** Required action **
Look below for the lines from the one with "then obtain i0" to the one with "(\<Sum>\<sigma>\<in>?S. \<Sum>i<Suc m.", and copy exactly those lines, both ends included.

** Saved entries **
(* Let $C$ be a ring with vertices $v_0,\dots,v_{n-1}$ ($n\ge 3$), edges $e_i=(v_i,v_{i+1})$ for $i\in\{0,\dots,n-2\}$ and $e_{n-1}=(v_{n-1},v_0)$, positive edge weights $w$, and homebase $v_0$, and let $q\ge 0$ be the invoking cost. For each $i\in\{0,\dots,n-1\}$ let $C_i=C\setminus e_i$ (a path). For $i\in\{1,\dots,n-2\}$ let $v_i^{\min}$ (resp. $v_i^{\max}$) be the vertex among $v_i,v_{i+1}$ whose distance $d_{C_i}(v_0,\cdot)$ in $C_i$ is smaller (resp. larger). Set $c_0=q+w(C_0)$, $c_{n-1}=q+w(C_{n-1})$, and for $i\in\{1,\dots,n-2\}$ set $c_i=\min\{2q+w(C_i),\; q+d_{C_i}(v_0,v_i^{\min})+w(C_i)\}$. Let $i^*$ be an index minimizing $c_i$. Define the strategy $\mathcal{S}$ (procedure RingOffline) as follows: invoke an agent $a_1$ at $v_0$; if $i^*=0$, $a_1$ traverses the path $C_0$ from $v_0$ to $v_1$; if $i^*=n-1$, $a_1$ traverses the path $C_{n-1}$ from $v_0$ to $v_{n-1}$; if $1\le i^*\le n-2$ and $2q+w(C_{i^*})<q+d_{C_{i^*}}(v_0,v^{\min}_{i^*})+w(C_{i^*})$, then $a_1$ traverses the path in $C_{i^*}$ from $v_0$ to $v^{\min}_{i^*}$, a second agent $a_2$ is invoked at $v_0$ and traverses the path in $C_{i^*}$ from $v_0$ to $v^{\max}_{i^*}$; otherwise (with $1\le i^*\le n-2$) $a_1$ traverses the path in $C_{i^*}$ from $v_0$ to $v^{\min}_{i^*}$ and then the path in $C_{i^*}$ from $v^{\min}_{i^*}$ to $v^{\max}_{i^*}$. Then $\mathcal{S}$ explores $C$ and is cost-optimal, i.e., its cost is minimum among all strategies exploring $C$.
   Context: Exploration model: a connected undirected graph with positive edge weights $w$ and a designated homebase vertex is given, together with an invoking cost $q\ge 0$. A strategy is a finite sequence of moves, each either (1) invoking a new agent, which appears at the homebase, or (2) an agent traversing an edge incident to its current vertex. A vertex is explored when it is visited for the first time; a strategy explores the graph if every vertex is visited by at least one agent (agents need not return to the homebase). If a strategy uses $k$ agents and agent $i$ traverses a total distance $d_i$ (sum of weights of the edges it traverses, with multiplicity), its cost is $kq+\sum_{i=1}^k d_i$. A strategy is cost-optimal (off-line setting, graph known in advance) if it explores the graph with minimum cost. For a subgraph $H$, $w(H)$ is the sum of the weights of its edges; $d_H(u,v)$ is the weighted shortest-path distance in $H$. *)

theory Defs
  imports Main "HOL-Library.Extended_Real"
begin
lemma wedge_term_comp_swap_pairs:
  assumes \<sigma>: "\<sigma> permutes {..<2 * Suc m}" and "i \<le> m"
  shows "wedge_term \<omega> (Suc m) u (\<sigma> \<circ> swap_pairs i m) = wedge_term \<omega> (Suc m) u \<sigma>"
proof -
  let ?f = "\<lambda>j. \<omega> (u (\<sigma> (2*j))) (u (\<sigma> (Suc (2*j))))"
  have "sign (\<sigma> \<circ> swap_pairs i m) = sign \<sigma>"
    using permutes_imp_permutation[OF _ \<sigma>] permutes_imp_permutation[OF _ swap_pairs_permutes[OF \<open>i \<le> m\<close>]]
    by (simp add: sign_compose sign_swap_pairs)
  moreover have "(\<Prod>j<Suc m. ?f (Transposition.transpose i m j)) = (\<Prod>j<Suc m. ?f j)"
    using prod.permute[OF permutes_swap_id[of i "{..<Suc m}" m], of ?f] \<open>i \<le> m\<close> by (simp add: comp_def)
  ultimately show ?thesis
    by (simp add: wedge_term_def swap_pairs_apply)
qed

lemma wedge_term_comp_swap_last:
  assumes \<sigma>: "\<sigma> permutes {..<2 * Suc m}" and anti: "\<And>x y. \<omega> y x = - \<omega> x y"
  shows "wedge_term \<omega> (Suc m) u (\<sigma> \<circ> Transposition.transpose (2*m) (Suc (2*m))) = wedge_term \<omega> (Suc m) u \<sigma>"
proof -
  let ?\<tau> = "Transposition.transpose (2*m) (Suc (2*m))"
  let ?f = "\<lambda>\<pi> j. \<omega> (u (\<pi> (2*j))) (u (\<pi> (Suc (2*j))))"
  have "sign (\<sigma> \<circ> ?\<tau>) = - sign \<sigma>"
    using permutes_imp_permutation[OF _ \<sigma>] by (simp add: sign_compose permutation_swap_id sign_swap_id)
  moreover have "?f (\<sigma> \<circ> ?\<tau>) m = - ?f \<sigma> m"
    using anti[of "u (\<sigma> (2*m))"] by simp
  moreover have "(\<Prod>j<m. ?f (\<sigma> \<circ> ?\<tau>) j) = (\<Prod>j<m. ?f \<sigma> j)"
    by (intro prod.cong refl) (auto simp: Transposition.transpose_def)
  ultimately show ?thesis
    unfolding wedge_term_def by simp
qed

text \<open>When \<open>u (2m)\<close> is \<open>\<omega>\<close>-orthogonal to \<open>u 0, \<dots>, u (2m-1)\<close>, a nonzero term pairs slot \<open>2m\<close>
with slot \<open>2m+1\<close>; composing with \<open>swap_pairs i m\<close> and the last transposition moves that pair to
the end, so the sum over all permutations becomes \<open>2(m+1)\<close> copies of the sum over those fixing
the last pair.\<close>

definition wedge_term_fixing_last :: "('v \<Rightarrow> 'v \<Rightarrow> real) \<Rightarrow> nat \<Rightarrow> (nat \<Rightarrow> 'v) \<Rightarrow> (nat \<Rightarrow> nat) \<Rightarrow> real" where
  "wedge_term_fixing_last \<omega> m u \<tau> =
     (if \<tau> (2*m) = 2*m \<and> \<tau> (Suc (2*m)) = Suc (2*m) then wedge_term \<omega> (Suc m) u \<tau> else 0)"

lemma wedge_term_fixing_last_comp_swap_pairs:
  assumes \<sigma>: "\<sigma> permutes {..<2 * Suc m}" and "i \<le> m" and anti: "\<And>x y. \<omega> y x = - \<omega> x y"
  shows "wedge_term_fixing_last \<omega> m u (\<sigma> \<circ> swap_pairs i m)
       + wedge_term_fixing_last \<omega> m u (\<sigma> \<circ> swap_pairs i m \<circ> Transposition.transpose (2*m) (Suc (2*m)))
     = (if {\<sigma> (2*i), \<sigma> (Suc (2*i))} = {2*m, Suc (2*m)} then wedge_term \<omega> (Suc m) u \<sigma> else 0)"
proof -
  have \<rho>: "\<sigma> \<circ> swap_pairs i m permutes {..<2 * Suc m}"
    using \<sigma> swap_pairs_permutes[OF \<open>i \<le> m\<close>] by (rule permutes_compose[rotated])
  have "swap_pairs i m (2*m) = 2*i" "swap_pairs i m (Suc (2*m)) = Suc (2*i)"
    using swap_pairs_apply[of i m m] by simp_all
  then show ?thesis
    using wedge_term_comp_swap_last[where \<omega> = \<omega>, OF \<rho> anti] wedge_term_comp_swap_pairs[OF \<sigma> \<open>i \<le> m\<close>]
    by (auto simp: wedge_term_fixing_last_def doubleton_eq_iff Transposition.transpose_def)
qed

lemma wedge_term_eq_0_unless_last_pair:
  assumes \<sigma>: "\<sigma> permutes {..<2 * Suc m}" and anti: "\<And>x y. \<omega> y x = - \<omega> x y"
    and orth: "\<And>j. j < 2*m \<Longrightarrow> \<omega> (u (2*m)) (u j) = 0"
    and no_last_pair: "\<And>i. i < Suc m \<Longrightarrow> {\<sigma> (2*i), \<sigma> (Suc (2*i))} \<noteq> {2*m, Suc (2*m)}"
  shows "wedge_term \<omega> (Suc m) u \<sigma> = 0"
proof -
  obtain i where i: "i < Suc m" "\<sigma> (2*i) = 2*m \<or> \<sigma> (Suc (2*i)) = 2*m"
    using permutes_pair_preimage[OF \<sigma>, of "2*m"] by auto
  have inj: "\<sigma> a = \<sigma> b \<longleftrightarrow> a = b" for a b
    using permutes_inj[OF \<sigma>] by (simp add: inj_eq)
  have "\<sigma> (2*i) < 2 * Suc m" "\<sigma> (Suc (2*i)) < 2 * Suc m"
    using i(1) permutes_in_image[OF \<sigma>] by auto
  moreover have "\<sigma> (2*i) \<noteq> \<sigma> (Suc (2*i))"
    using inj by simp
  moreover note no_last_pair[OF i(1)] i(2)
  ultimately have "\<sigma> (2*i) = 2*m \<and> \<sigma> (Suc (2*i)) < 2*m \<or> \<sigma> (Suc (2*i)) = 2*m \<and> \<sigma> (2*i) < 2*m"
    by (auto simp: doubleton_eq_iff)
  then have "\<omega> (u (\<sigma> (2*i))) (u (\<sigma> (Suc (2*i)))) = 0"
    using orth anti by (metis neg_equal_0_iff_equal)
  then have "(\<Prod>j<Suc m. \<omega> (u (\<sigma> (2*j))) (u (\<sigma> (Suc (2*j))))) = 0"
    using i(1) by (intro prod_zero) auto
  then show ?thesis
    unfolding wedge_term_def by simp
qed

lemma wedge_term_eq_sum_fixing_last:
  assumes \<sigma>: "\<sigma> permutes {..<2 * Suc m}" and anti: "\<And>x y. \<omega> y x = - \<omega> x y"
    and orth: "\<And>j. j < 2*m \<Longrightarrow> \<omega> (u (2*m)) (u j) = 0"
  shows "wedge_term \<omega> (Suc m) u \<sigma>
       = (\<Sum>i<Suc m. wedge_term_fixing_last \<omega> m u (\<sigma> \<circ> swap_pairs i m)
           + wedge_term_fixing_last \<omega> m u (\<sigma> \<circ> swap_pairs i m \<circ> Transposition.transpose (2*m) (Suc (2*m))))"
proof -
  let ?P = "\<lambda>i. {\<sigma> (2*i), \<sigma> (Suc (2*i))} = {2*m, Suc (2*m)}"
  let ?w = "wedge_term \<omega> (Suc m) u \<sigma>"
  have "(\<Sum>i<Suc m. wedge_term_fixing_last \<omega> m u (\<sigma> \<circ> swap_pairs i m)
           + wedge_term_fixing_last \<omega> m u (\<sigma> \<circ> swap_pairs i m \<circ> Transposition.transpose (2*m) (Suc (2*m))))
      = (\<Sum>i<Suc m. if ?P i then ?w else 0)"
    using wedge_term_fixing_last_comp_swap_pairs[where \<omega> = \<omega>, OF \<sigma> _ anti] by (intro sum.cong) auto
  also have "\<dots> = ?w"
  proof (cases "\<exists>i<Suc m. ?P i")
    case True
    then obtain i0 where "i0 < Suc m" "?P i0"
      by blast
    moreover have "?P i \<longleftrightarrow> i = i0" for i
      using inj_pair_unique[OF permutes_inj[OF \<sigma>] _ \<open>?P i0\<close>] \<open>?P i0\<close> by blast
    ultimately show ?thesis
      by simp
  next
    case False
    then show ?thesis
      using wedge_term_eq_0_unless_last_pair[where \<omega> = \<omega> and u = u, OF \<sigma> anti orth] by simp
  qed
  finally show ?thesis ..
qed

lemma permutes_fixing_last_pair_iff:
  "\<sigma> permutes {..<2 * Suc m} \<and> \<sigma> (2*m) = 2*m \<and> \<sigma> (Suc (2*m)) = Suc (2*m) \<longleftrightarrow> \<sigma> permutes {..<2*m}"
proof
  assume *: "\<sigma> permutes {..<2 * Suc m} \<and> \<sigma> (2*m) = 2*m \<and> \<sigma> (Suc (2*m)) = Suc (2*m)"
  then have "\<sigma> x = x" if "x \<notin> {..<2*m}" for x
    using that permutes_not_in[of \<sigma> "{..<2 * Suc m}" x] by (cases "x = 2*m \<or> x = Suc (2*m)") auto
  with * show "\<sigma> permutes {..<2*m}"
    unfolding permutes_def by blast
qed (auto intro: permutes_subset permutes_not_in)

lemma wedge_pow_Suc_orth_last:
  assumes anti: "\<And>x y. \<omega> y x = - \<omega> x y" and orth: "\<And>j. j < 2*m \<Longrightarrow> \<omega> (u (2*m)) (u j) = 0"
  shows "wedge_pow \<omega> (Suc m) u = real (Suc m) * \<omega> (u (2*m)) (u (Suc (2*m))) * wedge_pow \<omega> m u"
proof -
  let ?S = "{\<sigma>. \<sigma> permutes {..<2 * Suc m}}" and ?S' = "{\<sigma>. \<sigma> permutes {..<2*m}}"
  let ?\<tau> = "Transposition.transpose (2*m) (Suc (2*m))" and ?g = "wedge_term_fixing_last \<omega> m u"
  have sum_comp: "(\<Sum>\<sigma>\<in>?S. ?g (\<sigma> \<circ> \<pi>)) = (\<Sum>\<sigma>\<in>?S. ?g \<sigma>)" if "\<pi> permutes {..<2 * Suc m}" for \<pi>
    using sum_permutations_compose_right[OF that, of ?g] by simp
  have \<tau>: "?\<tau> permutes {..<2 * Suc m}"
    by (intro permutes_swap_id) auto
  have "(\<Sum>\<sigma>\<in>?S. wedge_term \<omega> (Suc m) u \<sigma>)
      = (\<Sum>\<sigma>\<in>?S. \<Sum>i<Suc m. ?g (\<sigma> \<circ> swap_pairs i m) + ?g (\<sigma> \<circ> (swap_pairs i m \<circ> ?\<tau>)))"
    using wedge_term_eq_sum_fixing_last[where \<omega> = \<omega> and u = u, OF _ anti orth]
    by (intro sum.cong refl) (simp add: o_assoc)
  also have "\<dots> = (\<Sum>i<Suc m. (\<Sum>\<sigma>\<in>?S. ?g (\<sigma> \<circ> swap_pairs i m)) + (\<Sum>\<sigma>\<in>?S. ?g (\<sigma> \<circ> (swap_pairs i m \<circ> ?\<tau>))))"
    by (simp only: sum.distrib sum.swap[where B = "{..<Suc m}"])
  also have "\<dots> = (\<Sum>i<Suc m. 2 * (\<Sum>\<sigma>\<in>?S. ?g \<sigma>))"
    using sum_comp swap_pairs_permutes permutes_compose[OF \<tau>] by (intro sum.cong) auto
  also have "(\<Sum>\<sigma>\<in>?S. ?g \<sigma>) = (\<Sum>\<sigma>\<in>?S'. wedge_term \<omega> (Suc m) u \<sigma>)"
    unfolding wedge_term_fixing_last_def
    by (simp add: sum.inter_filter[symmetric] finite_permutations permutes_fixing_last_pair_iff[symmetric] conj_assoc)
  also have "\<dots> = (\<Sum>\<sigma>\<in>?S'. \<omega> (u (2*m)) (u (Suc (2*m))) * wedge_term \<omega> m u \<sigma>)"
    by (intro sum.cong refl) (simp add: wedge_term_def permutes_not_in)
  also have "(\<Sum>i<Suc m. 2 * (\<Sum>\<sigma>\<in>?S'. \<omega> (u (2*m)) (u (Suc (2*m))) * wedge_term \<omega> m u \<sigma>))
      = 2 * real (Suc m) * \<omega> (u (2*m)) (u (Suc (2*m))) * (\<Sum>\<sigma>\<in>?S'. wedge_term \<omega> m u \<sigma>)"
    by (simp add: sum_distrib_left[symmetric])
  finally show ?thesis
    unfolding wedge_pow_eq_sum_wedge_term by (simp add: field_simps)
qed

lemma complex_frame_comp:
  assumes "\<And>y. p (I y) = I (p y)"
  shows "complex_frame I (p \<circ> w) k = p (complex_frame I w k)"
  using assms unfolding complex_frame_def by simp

** Reply **
    then obtain i0 where "i0 < Suc m" "?P i0"
      by blast
    moreover have "?P i \<longleftrightarrow> i = i0" for i
      using inj_pair_unique[OF permutes_inj[OF \<sigma>] _ \<open>?P i0\<close>] \<open>?P i0\<close> by blast
    ultimately show ?thesis
      by simp
  next
    case False
    then show ?thesis
      using wedge_term_eq_0_unless_last_pair[where \<omega> = \<omega> and u = u, OF \<sigma> anti orth] by simp
  qed
  finally show ?thesis ..
qed

lemma permutes_fixing_last_pair_iff:
  "\<sigma> permutes {..<2 * Suc m} \<and> \<sigma> (2*m) = 2*m \<and> \<sigma> (Suc (2*m)) = Suc (2*m) \<longleftrightarrow> \<sigma> permutes {..<2*m}"
proof
  assume *: "\<sigma> permutes {..<2 * Suc m} \<and> \<sigma> (2*m) = 2*m \<and> \<sigma> (Suc (2*m)) = Suc (2*m)"
  then have "\<sigma> x = x" if "x \<notin> {..<2*m}" for x
    using that permutes_not_in[of \<sigma> "{..<2 * Suc m}" x] by (cases "x = 2*m \<or> x = Suc (2*m)") auto
  with * show "\<sigma> permutes {..<2*m}"
    unfolding permutes_def by blast
qed (auto intro: permutes_subset permutes_not_in)

lemma wedge_pow_Suc_orth_last:
  assumes anti: "\<And>x y. \<omega> y x = - \<omega> x y" and orth: "\<And>j. j < 2*m \<Longrightarrow> \<omega> (u (2*m)) (u j) = 0"
  shows "wedge_pow \<omega> (Suc m) u = real (Suc m) * \<omega> (u (2*m)) (u (Suc (2*m))) * wedge_pow \<omega> m u"
proof -
  let ?S = "{\<sigma>. \<sigma> permutes {..<2 * Suc m}}" and ?S' = "{\<sigma>. \<sigma> permutes {..<2*m}}"
  let ?\<tau> = "Transposition.transpose (2*m) (Suc (2*m))" and ?g = "wedge_term_fixing_last \<omega> m u"
  have sum_comp: "(\<Sum>\<sigma>\<in>?S. ?g (\<sigma> \<circ> \<pi>)) = (\<Sum>\<sigma>\<in>?S. ?g \<sigma>)" if "\<pi> permutes {..<2 * Suc m}" for \<pi>
    using sum_permutations_compose_right[OF that, of ?g] by simp
  have \<tau>: "?\<tau> permutes {..<2 * Suc m}"
    by (intro permutes_swap_id) auto
  have "(\<Sum>\<sigma>\<in>?S. wedge_term \<omega> (Suc m) u \<sigma>)
      = (\<Sum>\<sigma>\<in>?S. \<Sum>i<Suc m. ?g (\<sigma> \<circ> swap_pairs i m) + ?g (\<sigma> \<circ> (swap_pairs i m \<circ> ?\<tau>)))"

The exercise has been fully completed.